(Stored data entries)
(* Let $(\mathbf{L},\mathbf{R})\in\mathcal{P}_{\mathsf N}$ be centered. Then every contraction map for $(\mathbf{L},\mathbf{R})$ is a dominance map for $(\mathbf{L},\mathbf{R})$. Consequently, if a centered pair admits a contraction map, it admits a dominance map.
   Context: $\mathcal{P}_{\mathsf N}$ denotes the set of pairs $(\mathbf{L},\mathbf{R})$ of $(0,1)$-matrices, $\mathbf{L}$ of size $(\mathsf N+1)\times m_L$ and $\mathbf{R}$ of size $(\mathsf N+1)\times m_R$, such that some index $p\in[\mathsf N+1]$ has row $p$ of $\mathbf{L}$ and row $p$ of $\mathbf{R}$ both zero. $\mathbf{A}_{(i)}$ denotes the $i$-th row; $e$ the all-ones row vector; $|v|=\sum_k|v_k|$; $|x-x'|$ the Hamming distance; $\le$ between vectors is componentwise. The pair is centered if it is balanced ($|\mathbf{L}_{(i)}|=|\mathbf{R}_{(i)}|$ for all $i$) and for some $i$, $\mathbf{L}_{(i)}=e=\mathbf{R}_{(i)}$. A contraction map is $f:\{0,1\}^{m_L}\to\{0,1\}^{m_R}$ with $f(\mathbf{L}_{(i)})=\mathbf{R}_{(i)}$ for all $i$ and $|x-x'|\ge|f(x)-f(x')|$ for all $x,x'$. A dominance map is $f:\{0,1\}^{m_L}\to\{0,1\}^{m_R}$ with $|u|=|f(u)|$ and $\mathbf{L}u^T\le\mathbf{R}f(u)^T$ for all $u\in\{0,1\}^{m_L}$. *)

theory Defs
  imports Main
begin

text \<open>Binary row vectors in {0,1}^m are represented as lists of naturals of length m
  with entries in {0,1}; a (0,1)-matrix is the list of its rows.\<close>

definition binvec :: "nat \<Rightarrow> nat list \<Rightarrow> bool" where
  "binvec m v \<longleftrightarrow> length v = m \<and> set v \<subseteq> {0, 1}"

definition binmat :: "nat \<Rightarrow> nat \<Rightarrow> nat list list \<Rightarrow> bool" where
  "binmat r m A \<longleftrightarrow> length A = r \<and> (\<forall>i<r. binvec m (A ! i))"

definition wt :: "nat list \<Rightarrow> nat" where
  "wt v = sum_list v"

definition hdist :: "nat list \<Rightarrow> nat list \<Rightarrow> nat" where
  "hdist x y = (\<Sum>k<length x. nat \<bar>int (x ! k) - int (y ! k)\<bar>)"

definition dotp :: "nat list \<Rightarrow> nat list \<Rightarrow> nat" where
  "dotp r u = (\<Sum>k<length r. r ! k * u ! k)"

definition inP :: "nat \<Rightarrow> nat \<Rightarrow> nat \<Rightarrow> nat list list \<Rightarrow> nat list list \<Rightarrow> bool" where
  "inP N mL mR L R \<longleftrightarrow> binmat (N + 1) mL L \<and> binmat (N + 1) mR R \<and>
     (\<exists>p<N + 1. L ! p = replicate mL 0 \<and> R ! p = replicate mR 0)"

definition centered :: "nat \<Rightarrow> nat \<Rightarrow> nat \<Rightarrow> nat list list \<Rightarrow> nat list list \<Rightarrow> bool" where
  "centered N mL mR L R \<longleftrightarrow>
     (\<forall>i<N + 1. wt (L ! i) = wt (R ! i)) \<and>
     (\<exists>i<N + 1. L ! i = replicate mL 1 \<and> R ! i = replicate mR 1)"

definition binmap :: "nat \<Rightarrow> nat \<Rightarrow> (nat list \<Rightarrow> nat list) \<Rightarrow> bool" where
  "binmap mL mR f \<longleftrightarrow> (\<forall>x. binvec mL x \<longrightarrow> binvec mR (f x))"

definition contraction_map ::
  "nat \<Rightarrow> nat \<Rightarrow> nat \<Rightarrow> nat list list \<Rightarrow> nat list list \<Rightarrow> (nat list \<Rightarrow> nat list) \<Rightarrow> bool" where
  "contraction_map N mL mR L R f \<longleftrightarrow> binmap mL mR f \<and>
     (\<forall>i<N + 1. f (L ! i) = R ! i) \<and>
     (\<forall>x x'. binvec mL x \<longrightarrow> binvec mL x' \<longrightarrow> hdist (f x) (f x') \<le> hdist x x')"

definition dominance_map ::
  "nat \<Rightarrow> nat \<Rightarrow> nat \<Rightarrow> nat list list \<Rightarrow> nat list list \<Rightarrow> (nat list \<Rightarrow> nat list) \<Rightarrow> bool" where
  "dominance_map N mL mR L R f \<longleftrightarrow> binmap mL mR f \<and>
     (\<forall>u. binvec mL u \<longrightarrow> wt u = wt (f u) \<and>
        (\<forall>i<N + 1. dotp (L ! i) u \<le> dotp (R ! i) (f u)))"

end

theory Submission
  imports Defs
begin

text \<open>For binary vectors x, y of equal length, |x - y| + 2 x y^T = |x| + |y|.
  Applied to u and the zero row, resp. the all-ones row, of a centered pair (both fixed by a
  contraction map f), it gives |f u| \<le> |u| and m - |f u| \<le> m - |u|, so f preserves weight.
  Applied to u and any row L_i, the contraction inequality |f u - R_i| \<le> |u - L_i| together with
  balance |L_i| = |R_i| and |f u| = |u| then yields L_i u^T \<le> R_i f(u)^T.\<close>

lemma binvec_replicate: "c \<in> {0, 1} \<Longrightarrow> binvec m (replicate m c)"
  by (auto simp: binvec_def)

lemma wt_replicate: "wt (replicate m c) = m * c"
  by (simp add: wt_def sum_list_replicate)

lemma dotp_commute: "length x = length y \<Longrightarrow> dotp x y = dotp y x"
  by (simp add: dotp_def mult.commute)

lemma dotp_replicate_0: "length x = m \<Longrightarrow> dotp x (replicate m 0) = 0"
  by (simp add: dotp_def)

lemma dotp_replicate_1: "length x = m \<Longrightarrow> dotp x (replicate m 1) = wt x"
  by (simp add: dotp_def wt_def sum_list_sum_nth atLeast0LessThan)

lemma hdist_add_double_dotp:
  assumes "binvec m x" "binvec m y"
  shows "hdist x y + 2 * dotp x y = wt x + wt y"
proof -
  have len: "length x = m" "length y = m"
    using assms by (auto simp: binvec_def)
  have "x ! k \<in> {0, 1} \<and> y ! k \<in> {0, 1}" if "k < m" for k
  proof -
    have "x ! k \<in> set x" "y ! k \<in> set y"
      using that len by auto
    then show ?thesis
      using assms by (auto simp: binvec_def)
  qed
  then have entry: "nat \<bar>int (x ! k) - int (y ! k)\<bar> + 2 * (x ! k * y ! k) = x ! k + y ! k"
    if "k < m" for k
    using that by fastforce
  have "hdist x y + 2 * dotp x y
      = (\<Sum>k<m. nat \<bar>int (x ! k) - int (y ! k)\<bar> + 2 * (x ! k * y ! k))"
    by (simp add: hdist_def dotp_def len sum.distrib sum_distrib_left)
  also have "\<dots> = (\<Sum>k<m. x ! k + y ! k)"
    using entry by simp
  also have "\<dots> = wt x + wt y"
    by (simp add: wt_def sum_list_sum_nth len sum.distrib atLeast0LessThan)
  finally show ?thesis .
qed

lemma hdist_replicate_0:
  assumes "binvec m x"
  shows "hdist x (replicate m 0) = wt x"
proof -
  have "length x = m"
    using assms by (simp add: binvec_def)
  then show ?thesis
    using hdist_add_double_dotp[OF assms binvec_replicate[of 0 m]]
    by (simp add: dotp_replicate_0 wt_replicate)
qed

lemma hdist_replicate_1:
  assumes "binvec m x"
  shows "hdist x (replicate m 1) + wt x = m"
proof -
  have "length x = m"
    using assms by (simp add: binvec_def)
  then show ?thesis
    using hdist_add_double_dotp[OF assms binvec_replicate[of 1 m]] dotp_replicate_1[of x m]
    by (simp add: wt_replicate)
qed

lemma wt_eq_if_hdist_replicate_le:
  assumes "binvec m u" "binvec m v"
    and "hdist v (replicate m 0) \<le> hdist u (replicate m 0)"
    and "hdist v (replicate m 1) \<le> hdist u (replicate m 1)"
  shows "wt u = wt v"
  using assms hdist_replicate_0[of m u] hdist_replicate_0[of m v]
    hdist_replicate_1[of m u] hdist_replicate_1[of m v]
  by linarith

lemma dotp_le_if_hdist_le:
  assumes "binvec m x" "binvec m u" "binvec n y" "binvec n v"
    and "wt x = wt y" "wt u = wt v" and "hdist v y \<le> hdist u x"
  shows "dotp x u \<le> dotp y v"
proof -
  have "dotp x u = dotp u x" "dotp y v = dotp v y"
    using assms(1-4) by (auto simp: binvec_def intro: dotp_commute)
  then show ?thesis
    using assms hdist_add_double_dotp[of m u x] hdist_add_double_dotp[of n v y] by linarith
qed

lemma contraction_map_imp_dominance_map:
  assumes "inP N mL mR L R" and "centered N mL mR L R"
    and contr: "contraction_map N mL mR L R f"
  shows "dominance_map N mL mR L R f"
proof -
  obtain p where p: "p < N + 1" "L ! p = replicate mL 0" "R ! p = replicate mR 0"
    using assms(1) by (auto simp: inP_def)
  obtain q where q: "q < N + 1" "L ! q = replicate mL 1" "R ! q = replicate mR 1"
    using assms(2) by (auto simp: centered_def)
  have balanced: "wt (L ! i) = wt (R ! i)" if "i < N + 1" for i
    using assms(2) that by (auto simp: centered_def)
  have "mR = mL"
    using balanced[OF q(1)] q by (simp add: wt_replicate)
  have rows: "binvec mL (L ! i)" "binvec mR (R ! i)" if "i < N + 1" for i
    using assms(1) that by (auto simp: inP_def binmat_def)
  have f_binmap: "binmap mL mR f"
    and f_rows: "\<And>i. i < N + 1 \<Longrightarrow> f (L ! i) = R ! i"
    and f_contr: "\<And>x x'. binvec mL x \<Longrightarrow> binvec mL x' \<Longrightarrow> hdist (f x) (f x') \<le> hdist x x'"
    using contr by (auto simp: contraction_map_def)
  have f_contr_row: "hdist (f u) (R ! i) \<le> hdist u (L ! i)"
    if "binvec mL u" "i < N + 1" for u i
    using f_contr[OF that(1) rows(1)[OF that(2)]] f_rows[OF that(2)] by simp
  show ?thesis
    unfolding dominance_map_def
  proof (intro conjI allI impI f_binmap)
    fix u
    assume u: "binvec mL u"
    have fu: "binvec mL (f u)"
      using f_binmap u \<open>mR = mL\<close> by (auto simp: binmap_def)
    show wt_fu: "wt u = wt (f u)"
      using wt_eq_if_hdist_replicate_le[OF u fu]
        f_contr_row[OF u p(1)] f_contr_row[OF u q(1)] p q \<open>mR = mL\<close> by simp
    fix i
    assume "i < N + 1"
    then show "dotp (L ! i) u \<le> dotp (R ! i) (f u)"
      using dotp_le_if_hdist_le[OF rows(1) u rows(2) fu[folded \<open>mR = mL\<close>]]
        balanced wt_fu f_contr_row[OF u] by blast
  qed
qed

theorem corollary2:
  fixes N mL mR :: nat and L R :: "nat list list"
  assumes "inP N mL mR L R" and "centered N mL mR L R"
  shows "(\<forall>f. contraction_map N mL mR L R f \<longrightarrow> dominance_map N mL mR L R f) \<and>
         ((\<exists>f. contraction_map N mL mR L R f) \<longrightarrow> (\<exists>g. dominance_map N mL mR L R g))"
  using contraction_map_imp_dominance_map[OF assms] by blast

end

### EXERCISE DESCRIPTION
Of the entries above, transcribe exactly those lines that fall between the line containing "with entries in" and the line containing "mR R \<and>", together with those two lines.

### EXPECTED OUTPUT
  with entries in {0,1}; a (0,1)-matrix is the list of its rows.\<close>

definition binvec :: "nat \<Rightarrow> nat list \<Rightarrow> bool" where
  "binvec m v \<longleftrightarrow> length v = m \<and> set v \<subseteq> {0, 1}"

definition binmat :: "nat \<Rightarrow> nat \<Rightarrow> nat list list \<Rightarrow> bool" where
  "binmat r m A \<longleftrightarrow> length A = r \<and> (\<forall>i<r. binvec m (A ! i))"

definition wt :: "nat list \<Rightarrow> nat" where
  "wt v = sum_list v"

definition hdist :: "nat list \<Rightarrow> nat list \<Rightarrow> nat" where
  "hdist x y = (\<Sum>k<length x. nat \<bar>int (x ! k) - int (y ! k)\<bar>)"

definition dotp :: "nat list \<Rightarrow> nat list \<Rightarrow> nat" where
  "dotp r u = (\<Sum>k<length r. r ! k * u ! k)"

definition inP :: "nat \<Rightarrow> nat \<Rightarrow> nat \<Rightarrow> nat list list \<Rightarrow> nat list list \<Rightarrow> bool" where
  "inP N mL mR L R \<longleftrightarrow> binmat (N + 1) mL L \<and> binmat (N + 1) mR R \<and>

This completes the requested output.